**Exercise objective:**
Copy out all lines in the material below that contain the string "also".

**Raw data:**
Content starts

lemma ypt_in_A_set:
  assumes g: "g \<ge> 1" and J: "1 \<le> J" "J \<le> n"
  shows "ypt g n J \<in> A_set g n"
proof -
  let ?y = "ypt g n J" and ?c = "ytail g n J"
  have TJ: "real (tsylv g J) \<ge> 1" using tsylv_ge_1 g J by auto
  have c_pos: "0 < ?c" and c_le: "?c \<le> 1 / real (tsylv g J)"
    using ytail_pos ytail_le g J by auto
  have ord: "?y ! Suc i \<le> ?y ! i" if i: "Suc i < n" for i
  proof -
    consider "Suc i < J - 1" | "Suc i = J - 1" | "J - 1 \<le> i" by linarith
    then show ?thesis
    proof cases
      case 1
      have "1 / real (sylv g (Suc (Suc i))) \<le> 1 / real (sylv g (Suc i))"
        unfolding sylv_eq_tsylv_plus_1
        using tsylv_mono[OF g, of "Suc i" "Suc (Suc i)"] tsylv_ge_1[OF g, of "Suc i"]
        by (simp add: frac_le)
      then show ?thesis using 1 by (simp add: nth_ypt_head del: sylv.simps)
    next
      case 2
      then have "real (tsylv g J) = real (tsylv g (Suc i)) * (real (tsylv g (Suc i)) + 1)"
        using tsylv_Suc_Suc[of g i] by (simp add: numeral_2_eq_2)
      then have "1 / real (tsylv g J) \<le> 1 / (real (tsylv g (Suc i)) + 1)"
        using tsylv_ge_1[OF g, of "Suc i"] by (simp add: frac_le)
      then show ?thesis
        using 2 i J c_le sylv_eq_tsylv_plus_1[of g i]
        by (simp add: nth_ypt_head nth_ypt_tail del: sylv.simps)
    next
      case 3
      then show ?thesis using i J by (simp add: nth_ypt_tail)
    qed
  qed
  have nonneg: "0 \<le> ?y ! i" if "i < n" for i
    using that J c_pos by (cases "i < J - 1") (auto simp: nth_ypt_head nth_ypt_tail)
  have constraint: "(\<Prod>i<l. ?y ! i) \<le> real g * (\<Sum>i\<in>{l..<n}. ?y ! i)"
    if l: "1 \<le> l" "l \<le> n - 1" for l
  proof (cases "l \<le> J - 1")
    case True
    then show ?thesis using prod_ypt_head[OF g True] sum_ypt_from[OF g J True] by simp
  next
    case False
    have "?c \<le> 1" using c_le TJ by (smt (verit) divide_le_eq_1)
    then have "?c ^ (l - J) * ?c \<le> 1 * ?c"
      using c_pos by (intro mult_right_mono power_le_one) auto
    then have "real g / real (tsylv g J) * ?c ^ (l - J + 1) \<le> real g * ?c"
      using TJ g c_pos mult_mono[of "real g / real (tsylv g J)" "real g" "?c ^ (l - J + 1)" ?c]
      by (simp add: divide_le_eq mult_le_cancel_left1)
    then have "(\<Prod>i<l. ?y ! i) \<le> real g * ?c"
      using prod_ypt[OF g J(1), of l n] False l by simp
    also have "\<dots> \<le> real g * (real (n - l) * ?c)"
      using l c_pos by (intro mult_left_mono) auto
    also have "real (n - l) * ?c = (\<Sum>i\<in>{l..<n}. ?y ! i)"
      using False J by (simp add: nth_ypt_tail)
    finally show ?thesis .
  qed
  have "(\<Sum>i<n. ?y ! i) = 1 / real g"
    using sum_ypt_from[OF g J, of 0] by (simp add: atLeast0LessThan)
  then show ?thesis
    unfolding A_set_iff using ord nonneg constraint length_ypt J by auto
qed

Content ends

**Task solution:**
    also have "\<dots> \<le> real g * (real (n - l) * ?c)"
    also have "real (n - l) * ?c = (\<Sum>i\<in>{l..<n}. ?y ! i)"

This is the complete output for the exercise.